At a meeting of senior officials in the first few weeks of the outbreak, a Public Health director was asked why GPHIN’s internal reports had missed crucial developments that were now being widely reported in news around the world: that human-to-human transmission of the virus had been detected.
Confronted about the omission, the analysts were confused. That information had in fact been discussed in earlier reports, before it was widely known – and before the documents were sent up the chain.

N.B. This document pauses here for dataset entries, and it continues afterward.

(* Let $1\le j\le k$ be integers, let $G$ and $H$ be complementary $(j,k)$-bicliques, and let $g(x)$, $h(x)$ be the interesting factors of $P_G(x)$ and $P_H(x)$ respectively. Then $$g(x)=(-1)^j\,h(-x+j+k-1).$$
   Context: All graphs are finite and simple. For integers $1\le j\le k$, a $(j,k)$-biclique is a graph whose vertex set is the disjoint union of a $j$-clique and a $k$-clique, with an arbitrary set of additional edges (bridging edges) each joining a vertex of the $j$-clique to a vertex of the $k$-clique. Two $(j,k)$-bicliques $G,H$ on the same two cliques are complementary if $H$ is obtained from $G$ by replacing every bridging edge by a non-edge and every non-adjacent pair (one vertex in each clique) by an edge, keeping both cliques. $P_G(x)$ is the chromatic polynomial; $(x)_n=x(x-1)\cdots(x-n+1)$. The interesting factor of a $(j,k)$-biclique $G$ is the degree-$j$ polynomial $P_G(x)/(x)_k$. *)

theory Defs
  imports Complex_Main "HOL-Library.FuncSet" "HOL-Computational_Algebra.Polynomial"
begin

definition proper_colorings :: "'a set \<Rightarrow> ('a \<Rightarrow> 'a \<Rightarrow> bool) \<Rightarrow> nat \<Rightarrow> ('a \<Rightarrow> nat) set" where
  "proper_colorings V adj n =
     {c \<in> V \<rightarrow>\<^sub>E {..<n}. \<forall>u\<in>V. \<forall>v\<in>V. adj u v \<longrightarrow> c u \<noteq> c v}"

definition chromatic_poly :: "'a set \<Rightarrow> ('a \<Rightarrow> 'a \<Rightarrow> bool) \<Rightarrow> real poly" where
  "chromatic_poly V adj =
     (THE p. \<forall>n::nat. poly p (of_nat n) = of_nat (card (proper_colorings V adj n)))"

definition falling_poly :: "nat \<Rightarrow> real poly" where
  "falling_poly k = (\<Prod>i<k. [:- of_nat i, 1:])"

text \<open>Adjacency of the (j,k)-biclique with cliques A (size j) and B (size k)
and set of bridging edges F \<subseteq> A \<times> B.\<close>
definition biclique_adj :: "'a set \<Rightarrow> 'a set \<Rightarrow> ('a \<times> 'a) set \<Rightarrow> 'a \<Rightarrow> 'a \<Rightarrow> bool" where
  "biclique_adj A B F u v \<longleftrightarrow>
     u \<noteq> v \<and> ((u \<in> A \<and> v \<in> A) \<or> (u \<in> B \<and> v \<in> B) \<or> (u, v) \<in> F \<or> (v, u) \<in> F)"

definition compl_bridges :: "'a set \<Rightarrow> 'a set \<Rightarrow> ('a \<times> 'a) set \<Rightarrow> ('a \<times> 'a) set" where
  "compl_bridges A B F = (A \<times> B) - F"
lemma ball_powr_integral_bound:
  fixes a :: real
  assumes a: "0 < a" "a \<le> DIM('a::euclidean_space)"
  obtains C where "C \<ge> 0"
    "\<And>r (c::'a). r > 0 \<Longrightarrow> integrable lebesgue (\<lambda>x. indicator (ball c r) x * norm (x - c) powr (a - DIM('a)))"
    "\<And>r (c::'a). r > 0 \<Longrightarrow>
       (\<integral>x. indicator (ball c r) x * norm (x - c) powr (a - DIM('a)) \<partial>lebesgue) \<le> C * r powr a"
proof -
  define C where "C = 4 ^ DIM('a) * measure lborel (ball (0::'a) 1) / (2 powr a - 1)"
  have "1 \<le> (2::real) powr a"
    using a by (intro ge_one_powr_ge_zero) auto
  then have C: "C \<ge> 0"
    unfolding C_def by (auto intro!: divide_nonneg_nonneg)
  have half: "(1 / 2 :: real) powr a < 1"
    using gr_one_powr[of 2 a] a by (simp add: powr_divide)
  have nn: "(\<integral>\<^sup>+x. ennreal (indicator (ball c r) x * norm (x - c) powr (a - DIM('a))) \<partial>lebesgue)
      \<le> ennreal (C * r powr a)" if r: "r > 0" for r and c :: 'a
  proof -
    have cover: "\<exists>k. r / 2 * (1 / 2) ^ k \<le> norm (x - c) \<and> norm (x - c) \<le> 2 * (r / 2 * (1 / 2) ^ k)"
      if "x \<in> ball c r" "x \<noteq> c" for x
    proof -
      have y: "0 < norm (x - c)" "norm (x - c) < r"
        using that by (auto simp: dist_norm norm_minus_commute)
      then obtain k :: nat where k: "2 ^ k \<le> r / norm (x - c)" "r / norm (x - c) \<le> 2 ^ Suc k"
        using ex_power_of_two_bracket[of "r / norm (x - c)"] by auto
      then show ?thesis
        using y by (intro exI[of _ k]) (auto simp: field_simps power_one_over)
    qed
    have "(\<integral>\<^sup>+x. ennreal (indicator (ball c r) x * norm (x - c) powr (a - DIM('a))) \<partial>lebesgue)
      \<le> ennreal (4 ^ DIM('a) * measure lborel (ball (0::'a) 1) * (r / 2) powr a / (1 - (1 / 2) powr a))"
      using nn_integral_powr_dyadic_le[of "DIM('a) - a" "r / 2" "1 / 2" "ball c r" c] a r cover half
      by simp
    also have "4 ^ DIM('a) * measure lborel (ball (0::'a) 1) * (r / 2) powr a / (1 - (1 / 2) powr a) = C * r powr a"
      using a r by (simp add: C_def powr_divide field_simps)
    finally show ?thesis .
  qed
  have m: "(\<lambda>x. indicator (ball c r) x * norm (x - c) powr (a - DIM('a))) \<in> borel_measurable lebesgue" for r and c :: 'a
    by (intro borel_measurable_times borel_measurable_indicator measurable_completion) auto
  show thesis
    using integrable_integral_le_of_nn_integral_le[OF m _ nn] C
    by (intro that[OF C]) (auto intro!: mult_nonneg_nonneg)
qed

lemma integrable_powr_outside_ball:
  fixes c :: "'a::euclidean_space" and a R :: real
  assumes a: "0 < a" and R: "0 < R"
  shows "integrable lebesgue (\<lambda>x. indicator {x. R < norm (x - c)} x * norm (x - c) powr -(DIM('a) + a))"
proof (rule integrable_integral_le_of_nn_integral_le)
  have cover: "\<exists>k. R * 2 ^ k \<le> norm (x - c) \<and> norm (x - c) \<le> 2 * (R * 2 ^ k)"
    if x: "x \<in> {x. R < norm (x - c)}" for x
  proof -
    obtain k :: nat where "2 ^ k \<le> norm (x - c) / R" "norm (x - c) / R \<le> 2 ^ Suc k"
      using ex_power_of_two_bracket[of "norm (x - c) / R"] x R by auto
    then show ?thesis
      using R by (intro exI[of _ k]) (auto simp: field_simps)
  qed
  show "(\<integral>\<^sup>+x. ennreal (indicator {x. R < norm (x - c)} x * norm (x - c) powr -(DIM('a) + a)) \<partial>lebesgue)
      \<le> ennreal (4 ^ DIM('a) * measure lborel (ball (0::'a) 1) * R powr -a / (1 - 2 powr -a))"
    using nn_integral_powr_dyadic_le[of "DIM('a) + a" R 2 "{x. R < norm (x - c)}" c] a R cover
    by (simp add: powr_less_one)
  show "0 \<le> 4 ^ DIM('a) * measure lborel (ball (0::'a) 1) * R powr -a / (1 - 2 powr -a)"
    using powr_less_one[of 2 "-a"] a by (auto intro!: divide_nonneg_nonneg)
  show "(\<lambda>x. indicator {x. R < norm (x - c)} x * norm (x - c) powr -(DIM('a) + a)) \<in> borel_measurable lebesgue"
    by (intro measurable_completion) simp
qed simp

section \<open>The radial profile of the Green function\<close>

definition Ginf_profile :: "real \<Rightarrow> real \<Rightarrow> real \<Rightarrow> real" where
  "Ginf_profile s N t = (LINT r:{0..t}|lborel. r powr (s - 1) / (r + 1) powr (N / 2))"

context
  fixes s N :: real
  assumes s: "0 < s" and N: "0 \<le> N"
begin

lemma Ginf_profile_integrand_le:
  assumes r: "r \<ge> 0"
  shows "r powr (s - 1) / (r + 1) powr (N / 2) \<le> r powr (s - 1)"
proof -
  have "1 \<le> (r + 1) powr (N / 2)"
    using N r by (intro ge_one_powr_ge_zero) auto
  from divide_left_mono[OF this, of "r powr (s - 1)"] show ?thesis
    using r by simp
qed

“Items on Wuhan and transmission were mentioned,” said the employee. But those items “were removed,” the person said.
At that moment, the analysts couldn’t be sure what information they were gathering was being conveyed up through the department.

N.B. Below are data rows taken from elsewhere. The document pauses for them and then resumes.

lemma no_room_after_gaps:
  assumes "p' < a" "p < a + d"
  shows "k < a + 2 * d"
proof (rule ccontr)
  assume "\<not> k < a + 2 * d"
  show False
  proof (rule square_free_nth[OF square_free d_pos, of a])
    show "a + 2 * d \<le> length w"
      using gapped_periodD(2)[OF short] \<open>\<not> k < a + 2 * d\<close> d_pos by linarith
    fix t assume "t < d"
    have "w ! (a + t) = w ! (a + t + (k + d) - 1)"
      using gapped_periodD(4)[OF long, of "a + t"] \<open>t < d\<close> \<open>\<not> k < a + 2 * d\<close> assms
      by linarith
    also have "\<dots> = w ! (a + t + d)"
      using gapped_periodD(4)[OF short, of "a + t + d"] \<open>t < d\<close> \<open>\<not> k < a + 2 * d\<close> assms
      by (simp add: ac_simps)
    finally show "w ! (a + t) = w ! (a + t + d)" .
  qed
qed

lemma no_room_between_gaps:
  assumes "p \<le> a + d" "a + d < p'"
  shows "k \<le> a + 2 * d + 1"
proof (rule ccontr)
  assume "\<not> k \<le> a + 2 * d + 1"
  show False
  proof (rule square_free_nth[OF square_free, of "d + 1" a])
    show "a + 2 * (d + 1) \<le> length w"
      using gapped_periodD(2)[OF short] \<open>\<not> k \<le> a + 2 * d + 1\<close> by arith
    fix t assume "t < d + 1"
    have "w ! (a + t) = w ! (a + t + (k + d))"
      using gapped_periodD(3)[OF long, of "a + t"] \<open>t < d + 1\<close> assms by simp
    also have "\<dots> = w ! (a + t + (d + 1))"
      using gapped_periodD(4)[OF short, of "a + t + (d + 1)"] \<open>t < d + 1\<close>
        \<open>\<not> k \<le> a + 2 * d + 1\<close> assms
      by (simp add: ac_simps)
    finally show "w ! (a + t) = w ! (a + t + (d + 1))" .
  qed simp
qed
lemma energy_estimate:
  fixes \<Omega> :: "(real^'d::finite) set" and V :: "(real^'d \<Rightarrow> real^'d) set" and Q :: "(real^'d \<Rightarrow> real) set"
    and v f :: "nat \<Rightarrow> real^'d \<Rightarrow> real^'d" and q :: "nat \<Rightarrow> real^'d \<Rightarrow> real"
  assumes \<Omega>: "open \<Omega>" "bounded \<Omega>" "\<Omega> \<noteq> {}" and \<nu>: "\<nu> > 0" and CP: "CP > 0" and \<Delta>t: "\<Delta>t > 0"
    and V: "\<And>w. w \<in> V \<Longrightarrow> continuous_on UNIV w"
      "\<And>w. w \<in> V \<Longrightarrow> L2ip \<Omega> w w \<le> CP * gradip \<Omega> w w"
    and v: "\<forall>n\<le>N. v n \<in> V" and q: "\<forall>n<N. q (Suc n) \<in> Q" and f: "\<forall>n<N. L2field \<Omega> (f n)"
    and momentum: "\<forall>n<N. \<forall>w\<in>V.
      L2ip \<Omega> (\<lambda>x. inverse \<Delta>t *\<^sub>R (v (Suc n) x - v n x)) w
      + (\<nu> + \<mu> * \<tau> * k n) * gradip \<Omega> (v (Suc n)) w
      + btri \<Omega> (v n) (v (Suc n)) w - L2ips \<Omega> (divg w) (q (Suc n))
      = L2ip \<Omega> (f n) w"
    and div_free: "\<forall>n<N. \<forall>p\<in>Q. L2ips \<Omega> (divg (v (Suc n))) p = 0"
    and kinetic: "\<forall>n<N. (k (Suc n) - k n) / \<Delta>t + sqrt 2 / 2 * inverse \<tau> * k (Suc n)
      = 1 / measure lebesgue \<Omega> * (LINT x:\<Omega>|lebesgue. \<mu> * \<tau> * k n * gradsq (v (Suc n)) x)"
  shows "L2ip \<Omega> (v N) (v N) + 2 * measure lebesgue \<Omega> * k N
     + \<Delta>t * (\<Sum>n<N. \<nu> * gradip \<Omega> (v (Suc n)) (v (Suc n))
                 + sqrt 2 * inverse \<tau> * measure lebesgue \<Omega> * k (Suc n))
     + (\<Sum>n<N. L2ip \<Omega> (v (Suc n) - v n) (v (Suc n) - v n))
     \<le> (\<Sum>n<N. CP / \<nu> * \<Delta>t * L2ip \<Omega> (f n) (f n))
       + L2ip \<Omega> (v 0) (v 0) + 2 * measure lebesgue \<Omega> * k 0"
proof -
  define a where "a n = L2ip \<Omega> (v n) (v n) + 2 * measure lebesgue \<Omega> * k n" for n
  have "a (Suc n) + \<Delta>t * (\<nu> * gradip \<Omega> (v (Suc n)) (v (Suc n)) + sqrt 2 * inverse \<tau> * measure lebesgue \<Omega> * k (Suc n))
      + L2ip \<Omega> (v (Suc n) - v n) (v (Suc n) - v n)
      \<le> CP / \<nu> * \<Delta>t * L2ip \<Omega> (f n) (f n) + a n" if n: "n < N" for n
  proof -
    have vn: "v n \<in> V" "v (Suc n) \<in> V" using v n by auto
    show ?thesis
      using energy_step[OF \<Omega> \<nu> \<Delta>t CP V(1)[OF vn(1)] V(1)[OF vn(2)] V(2)[OF vn(2)] f[rule_format, OF n]
          momentum[rule_format, OF n vn(2)] div_free[rule_format, OF n q[rule_format, OF n]]
          kinetic[rule_format, OF n]]
      by (simp add: a_def add.assoc)
  qed
  then show ?thesis
    using telescoping_le[where a=a] by (simp add: a_def add.assoc)
qed

theorem theorem5p1:
  fixes \<Omega> :: "(real^'d) set" and T :: "(real^'d) set set" and r :: nat
    and \<nu> \<mu> \<tau> :: real
  assumes dim: "CARD('d) = 2 \<or> CARD('d) = 3"
    and dom: "open \<Omega>" "bounded \<Omega>" "connected \<Omega>" "\<Omega> \<noteq> {}"
    and tri: "triangulation \<Omega> T"
    and deg: "r \<ge> 2"
    and infsup: "inf_sup \<Omega> (Wh \<Omega> T r) (Qh \<Omega> T r)"
    and par: "\<nu> > 0" "\<mu> > 0" "\<tau> > 0"
  shows "\<exists>C. \<forall>(\<Delta>t::real) (N::nat) (v :: nat \<Rightarrow> real^'d \<Rightarrow> real^'d)
             (q :: nat \<Rightarrow> real^'d \<Rightarrow> real) (k :: nat \<Rightarrow> real)
             (f :: real \<Rightarrow> real^'d \<Rightarrow> real^'d).
     \<Delta>t > 0 \<and>
     (\<forall>n\<le>N. v n \<in> Wh \<Omega> T r) \<and>
     (\<forall>n<N. q (Suc n) \<in> Qh \<Omega> T r) \<and>
     (\<forall>n<N. L2field \<Omega> (f (real (Suc n) * \<Delta>t))) \<and>
     (\<forall>n<N. \<forall>w\<in>Wh \<Omega> T r.
        L2ip \<Omega> (\<lambda>x. inverse \<Delta>t *\<^sub>R (v (Suc n) x - v n x)) w
        + (\<nu> + \<mu> * \<tau> * k n) * gradip \<Omega> (v (Suc n)) w
        + btri \<Omega> (v n) (v (Suc n)) w
        - L2ips \<Omega> (divg w) (q (Suc n))
        = L2ip \<Omega> (f (real (Suc n) * \<Delta>t)) w) \<and>
     (\<forall>n<N. \<forall>p\<in>Qh \<Omega> T r. L2ips \<Omega> (divg (v (Suc n))) p = 0) \<and>
     (\<forall>n<N. (k (Suc n) - k n) / \<Delta>t + sqrt 2 / 2 * inverse \<tau> * k (Suc n)
        = 1 / measure lebesgue \<Omega> *
          (LINT x:\<Omega>|lebesgue. \<mu> * \<tau> * k n * gradsq (v (Suc n)) x))
     \<longrightarrow>
     L2ip \<Omega> (v N) (v N) + 2 * measure lebesgue \<Omega> * k N
     + \<Delta>t * (\<Sum>n<N. \<nu> * gradip \<Omega> (v (Suc n)) (v (Suc n))
                 + sqrt 2 * inverse \<tau> * measure lebesgue \<Omega> * k (Suc n))
     + (\<Sum>n<N. L2ip \<Omega> (v (Suc n) - v n) (v (Suc n) - v n))
     \<le> (\<Sum>n<N. C * \<Delta>t * L2ip \<Omega> (f (real (Suc n) * \<Delta>t)) (f (real (Suc n) * \<Delta>t)))
       + L2ip \<Omega> (v 0) (v 0) + 2 * measure lebesgue \<Omega> * k 0"
proof -
  obtain R where R: "R > 0" "\<Omega> \<subseteq> ball 0 R" using bounded_subset_ballD[OF dom(2)] by blast
  have poincare: "L2ip \<Omega> w w \<le> 4 * R\<^sup>2 * gradip \<Omega> w w" if "w \<in> Wh \<Omega> T r" for w
    by (rule poincare_Wh[OF tri dom(1) R(2) R(1) that])
  show ?thesis
    by (intro exI[of _ "4 * R\<^sup>2 / \<nu>"] allI impI, elim conjE,
        rule energy_estimate[OF dom(1,2,4) par(1) _ _ Wh_continuous poincare])
      (use R(1) in auto)
qed

end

Asked why such material would be removed from the analysts’ reports, Public Health would not agree to an interview, but responded in a statement: “The premise of the question is not clear; senior management at PHAC have been fully engaged and briefed on the issue since the first report of an undiagnosed pneumonia in Wuhan emerged on December 31, 2019.”
However, such signals were exactly the kind of information GPHIN was created to detect, so that the government could understand the urgency, and move quickly.
“A week or even a few days makes a huge difference,” one GPHIN employee said. “Our basic reason for existing was to get information to the decision makers so that this wouldn’t happen.”
WE WEREN’T PAYING ATTENTION
Throughout January, February and into March, the government believed the outbreak posed little risk to Canada.
Even as disturbing signals began to emerge from China, and soon Italy, Ottawa’s position did not waver.
On Jan. 15, the Public Health Agency produced a document known as a Situation Report that stated the risk the virus posed to Canada was “Low.”
The SitReps, as they are known, are internal documents distributed by the Centre for Emergency Preparedness and Response, providing a snapshot of an evolving event and an assessment of its urgency. The reports draw input from a variety of federal sources, GPHIN among them.
The government’s risk assessments for COVID-19 were based on several factors, including the likelihood of the virus spreading internationally, and whether certain types of transmission were known to be occurring – such as person-to-person and asymptomatic spread.
However, despite the government’s determination that the risk to Canada was low, the Jan. 15 report contained a key detail that, perhaps, should have raised more concern than it did: The wife of a man working at the Wuhan market where the outbreak is believed to have originated had fallen ill, even though she had no exposure to the market. “Potential person-to-person transmission has been identified,” the SitRep said.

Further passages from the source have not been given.